Я хотел сперва в какую-нибудь партию вступить — чего делать-то? Потом смотрю — публичный дом открыли, совместное предприятие. Думаю: может, там интереснее.

Там интереснее, но там только за доллары, а за рубли дают… кисть… с краской, можешь написать чего-нибудь на заборе.

Пенсионерам бесплатно давали… без очереди. Сразу им кисть в руку — пиши что хочешь.

А вообще кто чем занимался.

Астрологи предсказывали, что завтра будет… воскресенье.

Из торговли мужик говорил, что завтра ничего уже не будет.

Концерт был. Фокусник выступал. Выходишь к нему со своим паспортом, он р-раз так руками — и фотография твоя, а напечатано уже «еврей».

Ну и ничего интересного больше.

НЛО прилетал… На тарелке так и написано — «ОМОН».

Дождь ливанул — про бога вспомнили, но он недолго шел — забыли опять.

«Мисс митинг» выбрали… по бюсту.

И ничего интересного больше.

От публичного дома часть отделилась… свой публичный дом образовали… на демократической основе.

Листовки откуда-то сбросили — «Вам здесь пудрят мозги, а за углом сахар дают!».

Кинулись некоторые за угол — никакого сахара нет… только семерых задавили.

А так ничего интересного. Милиция в наперсток играет. Интеллигенция матом ругается. А мужик сорвался давно с гвоздя, домой ушел.

Ну и все… В конце «Эротик-шоу» устроили… по-нашему. Ну, то есть на глазах у всех раздели нескольких человек… часы там сняли, кошельки.

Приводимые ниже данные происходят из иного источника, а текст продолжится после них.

definition min_delta :: "('w, 'm) monoid_scheme \<Rightarrow> 'w set \<Rightarrow> ('c \<Rightarrow> 'c \<Rightarrow> 'w) \<Rightarrow> 'c set \<Rightarrow> 'c set \<Rightarrow> 'w" where
  "min_delta W S \<delta> A B = (THE w. w \<in> {\<delta> x y |x y. x \<in> A \<and> y \<in> B}
      \<and> (\<forall>v\<in>{\<delta> x y |x y. x \<in> A \<and> y \<in> B}. wlen W S w \<le> wlen W S v))"

definition type_preserving :: "('g, 'n) monoid_scheme \<Rightarrow> 'c set \<Rightarrow> ('c \<Rightarrow> 'c \<Rightarrow> 'w) \<Rightarrow> ('g \<Rightarrow> 'c \<Rightarrow> 'c) \<Rightarrow> bool" where
  "type_preserving G \<Delta> \<delta> \<phi> \<longleftrightarrow> (\<forall>g\<in>carrier G. \<forall>x\<in>\<Delta>. \<forall>y\<in>\<Delta>. \<delta> (\<phi> g x) (\<phi> g y) = \<delta> x y)"

definition weyl_transitive :: "('g, 'n) monoid_scheme \<Rightarrow> 'c set \<Rightarrow> ('c \<Rightarrow> 'c \<Rightarrow> 'w) \<Rightarrow> ('g \<Rightarrow> 'c \<Rightarrow> 'c) \<Rightarrow> bool" where
  "weyl_transitive G \<Delta> \<delta> \<phi> \<longleftrightarrow> (\<forall>x\<in>\<Delta>. \<forall>y\<in>\<Delta>. \<forall>x'\<in>\<Delta>. \<forall>y'\<in>\<Delta>.
      \<delta> x y = \<delta> x' y' \<longrightarrow> (\<exists>g\<in>carrier G. \<phi> g x = x' \<and> \<phi> g y = y'))"

definition simplex_stab :: "('g, 'n) monoid_scheme \<Rightarrow> ('g \<Rightarrow> 'c \<Rightarrow> 'c) \<Rightarrow> 'c set \<Rightarrow> 'g set" where
  "simplex_stab G \<phi> R = {g \<in> carrier G. \<phi> g ` R = R}"

definition acts_transitively_on :: "'g set \<Rightarrow> ('g \<Rightarrow> 'x \<Rightarrow> 'x) \<Rightarrow> 'x set \<Rightarrow> bool" where
  "acts_transitively_on Hs f Xs \<longleftrightarrow> (\<forall>h\<in>Hs. \<forall>u\<in>Xs. f h u \<in> Xs) \<and> (\<forall>u\<in>Xs. \<forall>v\<in>Xs. \<exists>h\<in>Hs. f h u = v)"

end

theory Submission
  imports Defs
begin

(*
  For x \<in> A and y \<in> B the Weyl distances \<delta>(A,B) form a double coset W_J w W_K, and its
  shortest element is the only one that is minimal both in its left W_J-coset and in its right
  W_K-coset. The gate property of residues shows that for every b \<in> B the pair
  x = proj_A b, y = proj_B x has exactly such a doubly minimal distance, so \<delta>(x,y) = min \<delta>(A,B).
  Thus any two points of proj_A(B), and any two pairs in the last set, sit in pairs at the same
  Weyl distance; Weyl-transitivity gives g \<in> G carrying one pair to the other, and g stabilises
  A and B because it maps a chamber of each residue into that residue. For (1), every residue R
  of the given type contains a chamber r at distance min \<delta>(B,R) from some b \<in> B, and an element
  carrying (b,r) to (b',r') stabilises B and maps R onto R'.
*)

section \<open>Coxeter groups\<close>

lemma append_eq_append_Cons_cases:
  assumes "xs @ ys = as @ z # bs"
  obtains (in_right) c d where "ys = c @ z # d" "as = xs @ c" "bs = d"
    | (in_left) a c where "xs = a @ z # c" "as = a" "bs = c @ ys"
proof -
  obtain m where "xs = as @ m \<and> m @ ys = z # bs \<or> xs @ m = as \<and> ys = m @ z # bs"
    using assms by (auto simp: append_eq_append_conv2)
  then show thesis
  proof
    assume m: "xs = as @ m \<and> m @ ys = z # bs"
    show thesis
    proof (cases m)
      case Nil
      then show thesis using m in_right[of "[]" bs] by simp
    next
      case (Cons y ys')
      then show thesis using m in_left by auto
    qed
  qed (use in_right in auto)
qed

Ничего интересного, в общем… Так как-то день пролетел… бестолково.



На рынке

На рынке подходит ко мне какой-то тип, говорит:

— Я знаю, у вас доступ к государственным секретам. Не согласитесь ли продать Родину за хорошие деньги?

Я сперва даже не понял, переспросил:

— Родину?

Он говорит:

— Да… За хорошие деньги.

Я с презрением спрашиваю:

— Что значит — хорошие деньги?

Он говорит:

— Тысяча долларов.

Я говорю:

— Мерзавец ты!

Он:

— Тысяча двести.

Я говорю:

— Я?! Родину?!.. За тысячу двести?

Он:

— Тысяча триста.

Я рассмеялся ему в лицо, говорю:

— Это, что ли, как у вас принято — зарплата раз в неделю?

Он говорит:

— Как у вас — раз в месяц.

Я говорю:

— Мерзавец ты!

Около нас уже любопытные собрались. Многие предлагают:

— Давайте мы продадим Родину.

Но тип уперся:

— Нет. Только он.

Я вижу — все кругом чем-то торгуют: расписанием поездов, схемами оборонных объектов, режимом работы женской бани, рецептами самогона. И я… не заколебался, нет! Но удивился.

Тот тут же говорит:

— Тысяча девятьсот!., в день.

Кругом кричат:

— Соглашайся! Соглашайся!

Рожи у всех развратные. Я думаю: «Нет! Назло им буду торговаться».

Говорю:

— Две тысячи в день!

И тип сломался:

— Согласен.

Отсчитал две тысячи, говорит:

— Скажи все-таки, почему так дорого?

Я посмотрел ему прямо в глаза и сказал:

— Потому, чужеземец, дорого, что Родина!., самое дорогое, что у нас есть.


Диалоги у прилавка

— Простите, это мне померещилось или это у вас написано?

— Где?

— На ценнике.

— А что там написано?

— Сто рублей написано!

— Вам померещилось.

— Спасибо. А то я уже холодным потом покрылся. Думаю: было три рубля — стало сто!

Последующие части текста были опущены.